5,000 g of the styrene-modified polyethylene-based expandable resin particles prepared in Examples 1 to Example 19 was respectively charged in a 30 L sealed container (pressure resistant container) equipped with a stirrer together with 2,000 g of RO water which was a dispersion medium. Further, 50 g of kaolin as a dispersant and 50 g of sodium alkylbenzene sulfonate as a surfactant were added into the dispersion medium. Next, while stirring the inside of the sealed container at a stirring speed of 300 rpm, the temperature was raised to an expanding temperature of 166° C. Then, carbon dioxide (CO₂) as an inorganic physical foaming agent was pressure-injected into the sealed container such that the pressure in the sealed container became 4.5˜8.0 MPa (G: gage pressure), and the expandable resin particles were impregnated with carbon dioxide by maintaining the same temperature (166° C.) for 30 minutes to obtain expanded resin particles. Next, by discharging the expanded resin particles out from the sealed container together with the dispersion medium to atmospheric pressure, the styrene-modified polyethylene-based expanded resin particles having a density of about 45 kg/m³ were obtained.

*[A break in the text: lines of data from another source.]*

lemma lin_assoc_has_nonzero_root:
  fixes d :: "'a::{field,finite} poly"
  assumes q: "q = CHAR('a) ^ m" and "m > 0" and card: "card (UNIV :: 'a set) = q ^ n"
    and "n > 0" and d: "poly_over (subfield_q q) d" and "degree d > 0"
    and "d dvd monom 1 n - 1"
  shows "\<exists>z. z \<noteq> 0 \<and> lin_assoc q d z = 0"
proof -
  have "q > 1"
    using q \<open>m > 0\<close> prime_gt_1_nat[OF prime_CHAR_finite_field[where 'a = 'a]]
      one_less_power[of "CHAR('a)" m] by simp
  obtain e where de: "monom 1 n - 1 = d * e"
    using \<open>d dvd monom 1 n - 1\<close> ..
  have "degree (d * e) = n"
    using de degree_monom_1_minus_1[where 'a = 'a, OF \<open>n > 0\<close>] by simp
  then have "e \<noteq> 0"
    using \<open>n > 0\<close> by auto
  then have "degree e < n"
    using \<open>degree (d * e) = n\<close> \<open>degree d > 0\<close> degree_mult_eq[of d e] by fastforce
  have "lin_assoc q e (lin_assoc q d x) = 0" for x
  proof -
    have "lin_assoc q e (lin_assoc q d x) = lin_assoc q (monom 1 n - 1) x"
      by (simp add: de mult.commute[of d] lin_assoc_mult[OF q d])
    also have "\<dots> = x ^ card (UNIV :: 'a set) - x"
      by (simp add: card lin_assoc_diff lin_assoc_monom)
    finally show ?thesis
      by (simp add: power_card_UNIV_eq_self)
  qed
  then have "card (range (lin_assoc q d)) \<le> card {y. lin_assoc q e y = 0}"
    by (intro card_mono) auto
  also have "\<dots> \<le> q ^ degree e"
    by (rule card_lin_assoc_roots_le[OF \<open>q > 1\<close> \<open>e \<noteq> 0\<close>])
  also have "\<dots> < card (UNIV :: 'a set)"
    using \<open>q > 1\<close> \<open>degree e < n\<close> card by (simp add: power_strict_increasing)
  finally have "\<not> inj (lin_assoc q d)"
    using finite_UNIV_inj_surj[of "lin_assoc q d"] by fastforce
  then obtain x y where "x \<noteq> y" and "lin_assoc q d x = lin_assoc q d y"
    unfolding inj_def by blast
  then show ?thesis
    by (intro exI[of _ "x - y"]) (simp add: lin_assoc_diff_arg[OF prime_CHAR_finite_field q])
qed

lemma lin_assoc_eq_0_if_dvd:
  fixes d u :: "'a::{field,finite} poly"
  assumes q: "q = CHAR('a) ^ m" and d: "poly_over (subfield_q q) d"
    and "d dvd u" and "lin_assoc q d z = 0"
  shows "lin_assoc q u z = 0"
proof -
  from \<open>d dvd u\<close> obtain w where "u = d * w" ..
  then have "lin_assoc q u z = lin_assoc q w (lin_assoc q d z)"
    by (simp add: mult.commute[of d] lin_assoc_mult[OF q d])
  then show ?thesis
    using \<open>lin_assoc q d z = 0\<close> q by (simp add: lin_assoc_at_0 finite_imp_CHAR_pos)
qed

lemma lin_assoc_common_root_eq_0:
  fixes g h :: "'a::{field_gcd,finite} poly"
  assumes q: "q = CHAR('a) ^ m" and g: "poly_over (subfield_q q) g" and h: "poly_over (subfield_q q) h"
    and "gcd g h = 1" and "lin_assoc q g z = 0" and "lin_assoc q h z = 0"
  shows "z = 0"
proof -
  define a b where "a = fst (bezout_coefficients g h)" and "b = snd (bezout_coefficients g h)"
  have "a * g + b * h = 1"
    using bezout_coefficients_fst_snd[of g h] \<open>gcd g h = 1\<close> by (simp add: a_def b_def)
  then have "z = lin_assoc q (a * g + b * h) z"
    by simp
  also have "\<dots> = 0"
    using lin_assoc_eq_0_if_dvd[OF q g _ \<open>lin_assoc q g z = 0\<close>, of "a * g"]
      lin_assoc_eq_0_if_dvd[OF q h _ \<open>lin_assoc q h z = 0\<close>, of "b * h"]
    by (simp add: lin_assoc_add)
  finally show ?thesis .
qed

lemma gcd_eq_1_iff_lin_assoc_no_common_root:
  fixes g h :: "'a::{field_gcd,finite} poly"
  assumes q: "q = CHAR('a) ^ m" and "m > 0" and card: "card (UNIV :: 'a set) = q ^ n"
    and "n > 0" and g: "poly_over (subfield_q q) g" and h: "poly_over (subfield_q q) h"
    and "g dvd monom 1 n - 1"
  shows "gcd g h = 1 \<longleftrightarrow> (\<forall>z. lin_assoc q g z = 0 \<and> lin_assoc q h z = 0 \<longrightarrow> z = 0)"
proof (intro iffI allI impI)
  show "z = 0" if "gcd g h = 1" and "lin_assoc q g z = 0 \<and> lin_assoc q h z = 0" for z
    using that by (auto intro: lin_assoc_common_root_eq_0[OF q g h])
next
  assume no_common_root: "\<forall>z. lin_assoc q g z = 0 \<and> lin_assoc q h z = 0 \<longrightarrow> z = 0"
  define d where "d = gcd g h"
  have d: "poly_over (subfield_q q) d"
    unfolding d_def by (rule poly_over_subfield_q_gcd[OF q g h])
  have "d dvd monom 1 n - 1"
    unfolding d_def using \<open>g dvd monom 1 n - 1\<close> by (rule dvd_trans[OF gcd_dvd1])
  moreover have "monom 1 n - 1 \<noteq> (0 :: 'a poly)"
    using degree_monom_1_minus_1[where 'a = 'a, OF \<open>n > 0\<close>] \<open>n > 0\<close> by auto
  ultimately have "d \<noteq> 0"
    by auto
  show "gcd g h = 1"
  proof (rule ccontr)
    assume "gcd g h \<noteq> 1"
    then have "\<not> is_unit d"
      by (simp add: d_def coprime_iff_gcd_eq_1)
    then have "degree d > 0"
      using \<open>d \<noteq> 0\<close> by (simp add: is_unit_iff_degree)
    then obtain z where "z \<noteq> 0" and "lin_assoc q d z = 0"
      using lin_assoc_has_nonzero_root[OF q \<open>m > 0\<close> card \<open>n > 0\<close> d]
        \<open>d dvd monom 1 n - 1\<close> by blast
    moreover have "lin_assoc q g z = 0" and "lin_assoc q h z = 0"
      using lin_assoc_eq_0_if_dvd[OF q d _ \<open>lin_assoc q d z = 0\<close>] by (simp_all add: d_def)
    ultimately show False
      using no_common_root by blast
  qed
qed

section \<open>A permutation criterion\<close>

lemma bij_iff_trivial_common_kernel_and_bij_betw_range:
  fixes L H Q f k :: "'a::{field,finite} \<Rightarrow> 'a"
  assumes L: "\<And>x y. L (x - y) = L x - L y" and H: "\<And>x y. H (x - y) = H x - H y"
    and k: "\<And>c. k (L c) \<noteq> 0"
    and semiconj: "\<And>c. L (f (L c) + k (L c) * H c) = Q (L c)"
  shows "bij (\<lambda>c. f (L c) + k (L c) * H c)
    \<longleftrightarrow> (\<forall>z. L z = 0 \<and> H z = 0 \<longrightarrow> z = 0) \<and> bij_betw Q (range L) (range L)"
    (is "bij ?P \<longleftrightarrow> ?kernel \<and> _")
proof
  assume "bij ?P"
  have "?kernel"
  proof (intro allI impI)
    fix z
    assume "L z = 0 \<and> H z = 0"
    moreover have "L 0 = 0" and "H 0 = 0"
      using L[of 0 0] H[of 0 0] by simp_all
    ultimately have "?P z = ?P 0"
      by simp
    then show "z = 0"
      by (rule injD[OF bij_is_inj[OF \<open>bij ?P\<close>]])
  qed
  moreover have "Q ` range L = range L"
  proof -
    have "Q ` range L = L ` range ?P"
      by (simp only: image_image semiconj)
    then show ?thesis
      using bij_is_surj[OF \<open>bij ?P\<close>] by simp
  qed
  then have "bij_betw Q (range L) (range L)"
    by (simp add: bij_betw_def eq_card_imp_inj_on)
  ultimately show "?kernel \<and> bij_betw Q (range L) (range L)" ..
next
  assume "?kernel \<and> bij_betw Q (range L) (range L)"
  then have kernel: ?kernel and Q_inj: "inj_on Q (range L)"
    unfolding bij_betw_def by blast+
  have "inj ?P"
  proof (rule injI)
    fix x y
    assume P_eq: "?P x = ?P y"
    have "Q (L x) = L (?P x)"
      by (rule semiconj[symmetric])
    also have "\<dots> = Q (L y)"
      by (simp only: P_eq semiconj)
    finally have "L x = L y"
      by (rule inj_onD[OF Q_inj]) simp_all
    moreover from this have "H x = H y"
      using P_eq k[of x] by simp
    ultimately have "L (x - y) = 0 \<and> H (x - y) = 0"
      by (simp add: L H)
    then show "x = y"
      using kernel by (metis eq_iff_diff_eq_0)
  qed
  then show "bij ?P"
    by (simp add: bij_def finite_UNIV_inj_surj)
qed

theorem theorem2p5:
  fixes q n :: nat and g h f k :: "'a::{field_gcd,finite} poly"
  assumes "prime_power q" and "n > 0"
    and "card (UNIV :: 'a set) = q ^ n"
    and "poly_over (subfield_q q) g" and "poly_over (subfield_q q) h"
    and "lead_coeff g = 1" and "g dvd (monom 1 n - 1)"
    and "\<forall>c. poly k (lin_assoc q g c) \<in> subfield_q q - {0}"
  shows "perm_poly (\<lambda>c. poly f (lin_assoc q g c) + poly k (lin_assoc q g c) * lin_assoc q h c)
    \<longleftrightarrow> (gcd g h = 1 \<and>
         bij_betw (\<lambda>c. lin_assoc q g (poly f c) + poly k c * lin_assoc q h c)
                  (range (lin_assoc q g)) (range (lin_assoc q g)))"
proof -
  obtain m where "m > 0" and q: "q = CHAR('a) ^ m"
    using prime_power_card_imp_power_of_CHAR[OF assms(1,3)] by blast
  note additive = lin_assoc_diff_arg[OF prime_CHAR_finite_field q]
  have k_fixed: "poly k (lin_assoc q g c) ^ q = poly k (lin_assoc q g c)"
    and k_nonzero: "poly k (lin_assoc q g c) \<noteq> 0" for c
    using assms(8) by (auto simp: subfield_q_def)
  have semiconj: "lin_assoc q g (poly f (lin_assoc q g c) + poly k (lin_assoc q g c) * lin_assoc q h c)
      = lin_assoc q g (poly f (lin_assoc q g c))
        + poly k (lin_assoc q g c) * lin_assoc q h (lin_assoc q g c)" for c
    by (simp add: lin_assoc_add_arg[OF prime_CHAR_finite_field q] lin_assoc_mult_fixed_arg[OF k_fixed]
        lin_assoc_commute[OF q assms(4,5)])
  show ?thesis
    unfolding perm_poly_def
    using bij_iff_trivial_common_kernel_and_bij_betw_range[OF additive additive k_nonzero semiconj]
      gcd_eq_1_iff_lin_assoc_no_common_root[OF q \<open>m > 0\<close> assms(3,2,4,5,7)]
    by simp
qed

end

Preparation of Foamed Resin Molded Article

First, the styrene-modified polyethylene-based expanded resin particles obtained as described above were aged for 1 day at room temperature. Next, by using a molding machine (JSM-HVA-P-400/300 manufactured by Jiuh-Shin Machinery Co., Ltd.), the expanded resin particles were molded into a molded article having a rectangular parallelepiped shape of 400 mm×300 mm×60 mm. The obtained molded article was dried for 1 day at a temperature of 60° C., and then aged for 1 day or longer at room temperature.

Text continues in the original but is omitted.